Because CV₂ is derived under the assumption of a normal distribution, it may underperform when trait values are not normally distributed. Breunig (2001) proved mathematically that the bias of CV₁ also depends on the skewness and kurtosis of the distribution of trait values. Therefore, Breunig (2001) and Bao (2009) proposed two approximate estimators, CV₃ and CV₄ (also called Bao's CV estimator), respectively, which do not assume any specific trait distribution:

C V_{3} \approx C V_{1} \sqrt{1 - \frac{C V_{1}}{N} (3 C V_{1} - 2 γ_{1})},

C V_{4} \approx C V_{1} - \frac{C V_{1}^{3}}{N} + \frac{C V_{1}}{4 N} + \frac{C V_{1}^{2} γ_{1}}{2 N} + \frac{C V_{1} γ_{2}}{8 N},

where N is the sample size, and γ₁ and γ₂ are the Pearson's measures of skewness and kurtosis of the trait sample distribution, respectively.

New Composite CV Estimators

In our performance evaluation of CV estimators (below), we found that CV₃ and CV₄—which are only approximate estimators of CV—often underestimate or overestimate the population CV in our simulation and empirical data (see Figures 1A, S1A, S1E, S2I, S4A, and S4E). Therefore, we propose four simple composite estimators, CV₅, CV₆, CV₇, and CV₈. CV₅ and CV₇ are defined as the arithmetic and geometric means of CV₂ and CV₃, respectively, and CV₆ and CV₈ are defined as the arithmetic and geometric means of CV₂ and CV₄, respectively.

FIGURE 1

Figure 1 (A) Proportional bias on sample size k(k∈{10,20,30,…1,000}) based on raw (dotted line) and log-transform (solid line) simulated trait values and (B) sum of absolute proportional bias across all sample size for the i^th(i∈{1,2,3,4,5,6})CV estimator based on raw, log-transform, min-max transform and Cube-root transform simulated trait values. Gray area is the region in which the absolute mean proportion of bias is less than 0.05.

\begin{matrix} C V_{5} = \frac{C V_{3} + C V_{4}}{2}, & C V_{6} = \frac{C V_{2} + C V_{4}}{2}, \\ C V_{7} = \sqrt{C V_{3} C V_{4}}, & C V_{8} = \sqrt{C V_{2} C V_{4}} . \end{matrix}

We found CV₇ and CV₈ have almost identical performance compared to CV₅ and CV₆, respectively, so we will only present the results of CV₅ and CV₆ in the remainder of the text. Note that CV₃ and CV₄ were derived without any assumption of trait value distribution, thereby their composite estimators, CV₅ and CV₇, also make no assumptions of the true trait value distribution.

Identifying the Minimum Sample Size

Accurate estimation of ITV not only depends on the choice CV estimator and data transformation, but also on sample size. Generally, the accuracy of any estimator increases with the sample size. Therefore, it is crucial to know how many samples are sufficient to reach a specific accuracy requirement in the estimation of ITV. Here, we defined the minimum sample size k_i,min for estimator i as the minimum integer k that reaches ±5% accuracy of the ITV estimation.

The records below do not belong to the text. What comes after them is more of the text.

lemma holomorphic_euler_zetaE:
  assumes "q > 0"
  shows "euler_zetaE K q holomorphic_on {z. Re z > 1 - real K}"
proof -
  have "(\<lambda>z. \<Sum>n. (-1)^n * neg_diff_powr K z (of_real (real n + q))) holomorphic_on {z. Re z > 1 - real K}"
  proof (rule holomorphic_on_suminf[OF open_halfspace_Re_gt])
    show "(\<lambda>z. (-1)^n * neg_diff_powr K z (of_real (real n + q))) holomorphic_on {z. Re z > 1 - real K}" for n
      by (intro holomorphic_intros holomorphic_neg_diff_powr)
    show "\<exists>d M. 0 < d \<and> summable M \<and> (\<forall>\<^sub>F n in sequentially. \<forall>w\<in>ball z d \<inter> {z. Re z > 1 - real K}.
            norm ((-1)^n * neg_diff_powr K w (of_real (real n + q))) \<le> M n)"
      if z: "z \<in> {z. Re z > 1 - real K}" for z
    proof -
      obtain d M where "0 < d" "summable M" and M: "\<forall>\<^sub>F n in sequentially. \<forall>w\<in>ball z d.
          norm ((-1)^n * neg_diff_powr K w (of_real (real n + q))) \<le> M n"
        using neg_diff_powr_local_bound[OF assms, where z = z and K = K] z by auto
      moreover have "\<forall>\<^sub>F n in sequentially. \<forall>w\<in>ball z d \<inter> {z. Re z > 1 - real K}.
          norm ((-1)^n * neg_diff_powr K w (of_real (real n + q))) \<le> M n"
        using M by eventually_elim auto
      ultimately show ?thesis
        by blast
    qed
  qed
  then show ?thesis
    unfolding euler_zetaE_def[abs_def] by (intro holomorphic_intros holomorphic_neg_diff_powr) auto
qed

definition euler_zetaE_cont :: "real \<Rightarrow> complex \<Rightarrow> complex" where
  "euler_zetaE_cont q z = euler_zetaE (nat \<lceil>1 - Re z\<rceil>) q z"

lemma euler_zetaE_cont_eq:
  assumes "q > 0" "Re z > - real K"
  shows "euler_zetaE_cont q z = euler_zetaE K q z"
proof -
  define K0 where "K0 = nat \<lceil>1 - Re z\<rceil>"
  have "Re z > - real K0"
    unfolding K0_def by linarith
  then have "euler_zetaE (max K K0) q z = euler_zetaE K0 q z"
    using assms(1) by (intro euler_zetaE_eq) auto
  moreover have "euler_zetaE (max K K0) q z = euler_zetaE K q z"
    using assms by (intro euler_zetaE_eq) auto
  ultimately show ?thesis
    unfolding euler_zetaE_cont_def K0_def by simp
qed

lemma holomorphic_euler_zetaE_cont:
  assumes "q > 0"
  shows "euler_zetaE_cont q holomorphic_on UNIV"
proof (rule holomorphic_on_subset)
  show "euler_zetaE_cont q holomorphic_on (\<Union>K. {z. Re z > 1 - real K})"
  proof (rule holomorphic_on_UN_open)
    show "euler_zetaE_cont q holomorphic_on {z. Re z > 1 - real K}" for K
    proof (rule holomorphic_transform[OF holomorphic_euler_zetaE[OF assms]])
      show "euler_zetaE K q z = euler_zetaE_cont q z" if "z \<in> {z. Re z > 1 - real K}" for z
        using euler_zetaE_cont_eq[OF assms, where z = z and K = K] that by simp
    qed
  qed (rule open_halfspace_Re_gt)
  show "UNIV \<subseteq> (\<Union>K. {z. Re z > 1 - real K})"
  proof
    fix z :: complex
    have "Re z > 1 - real (nat \<lceil>1 - Re z\<rceil> + 1)"
      by linarith
    then show "z \<in> (\<Union>K. {z. Re z > 1 - real K})"
      by blast
  qed
qed

lemma zetaE_eqI:
  assumes hol: "f holomorphic_on UNIV"
    and sums: "\<And>w. Re w > 0 \<Longrightarrow> (\<lambda>n. (-1)^n * (of_real (real n + q)) powr (-w)) sums f w"
  shows "zetaE z q = f z"
proof -
  let ?P = "\<lambda>f. f holomorphic_on UNIV \<and>
      (\<forall>w. Re w > 0 \<longrightarrow> f w = (\<Sum>n. (-1) ^ n * (of_real (real n + q)) powr (- w)))"
  have "(THE f. ?P f) = f"
  proof (rule the_equality)
    show "?P f"
      using hol sums sums_unique by blast
    show "g = f" if g: "?P g" for g
    proof
      fix z
      show "g z = f z"
      proof (rule analytic_continuation_open[where s = "{w. Re w > 0}" and s' = UNIV and f = g and g = f])
        have "1 \<in> {w. Re w > 0}"
          by simp
        then show "{w. Re w > 0} \<noteq> {}"
          by blast
        show "g holomorphic_on UNIV"
          using g by blast
        show "g w = f w" if "w \<in> {w. Re w > 0}" for w
          using g that sums_unique[OF sums, of w] by simp
      qed (simp_all add: hol open_halfspace_Re_gt connected_UNIV)
    qed
  qed
  then show ?thesis
    unfolding zetaE_def by simp
qed

lemma zetaE_eq_euler_zetaE_cont:
  assumes "q > 0"
  shows "zetaE z q = euler_zetaE_cont q z"
proof (rule zetaE_eqI[OF holomorphic_euler_zetaE_cont[OF assms]])
  show "(\<lambda>n. (-1)^n * (of_real (real n + q)) powr (-w)) sums euler_zetaE_cont q w" if "Re w > 0" for w
    using sums_euler_zetaE[OF assms that] euler_zetaE_cont_eq[OF assms, where z = w and K = 1] that by simp
qed

lemma holomorphic_zetaE:
  assumes "q > 0"
  shows "(\<lambda>z. zetaE z q) holomorphic_on A"
  using holomorphic_on_subset[OF holomorphic_euler_zetaE_cont[OF assms], of A]
  by (simp add: zetaE_eq_euler_zetaE_cont[OF assms])

lemma holomorphic_zetaE_shift:
  assumes "q > 0"
  shows "(\<lambda>z. zetaE (z + c) q) holomorphic_on A"
  using holomorphic_on_compose[of "\<lambda>z. z + c" A "\<lambda>z. zetaE z q"] holomorphic_zetaE[OF assms]
  by (simp add: o_def holomorphic_intros)

lemma sums_zetaE:
  assumes "q > 0" "Re z > 0"
  shows "(\<lambda>n. (-1)^n * (of_real (real n + q)) powr (-z)) sums zetaE z q"
  using sums_euler_zetaE[OF assms] euler_zetaE_cont_eq[OF assms(1), where z = z and K = 1] assms(2)
  by (simp add: zetaE_eq_euler_zetaE_cont[OF assms(1)])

Because different traits of species may have different distributions, we calculated k_i,min for each trait of each selected species separately.

Performance Evaluation With Simulated Trait Data

To find the optimal CV estimator and data transformation, we evaluated the performance of the above estimators using simulated trait data. First, 200 trait pools were generated by simulation. Specifically, for each trait pool, 9,520 trait values were drawn from a gamma distribution with a shape parameter β₁ and a scale parameter β₂, which were two independent random variables following a uniform distribution from 1 to 10 and from 5 to 30, respectively. The ranges of β₁ and β₂ were determined by fitting empirical trait value distributions using a gamma distribution for each trait of each species with abundance ≥100 in our trait plot (see details of the trait plot below). We chose the gamma distribution here because its domain, like empirical functional trait value, is always positive and its shape is flexible enough to model various distributions of traits. Additionally, empirical trait data often have a few (4.8% on average) extreme large values, which are defined here as trait values greater than three standard deviations from the mean. These extreme values may have large impacts on the accuracy of CV estimators. Therefore, we added 480 extreme large values to each simulated trait pool. The extent of the extreme value follows a truncated exponential distribution from mean+3*standard deviation of the trait pool to infinity and parameter λ equals 1. Note that we recognize that we cannot simulate all possible trait distributions observed in natural communities; here, we tried as best as possible to cover a large portion of the ranges of empirical trait distributions.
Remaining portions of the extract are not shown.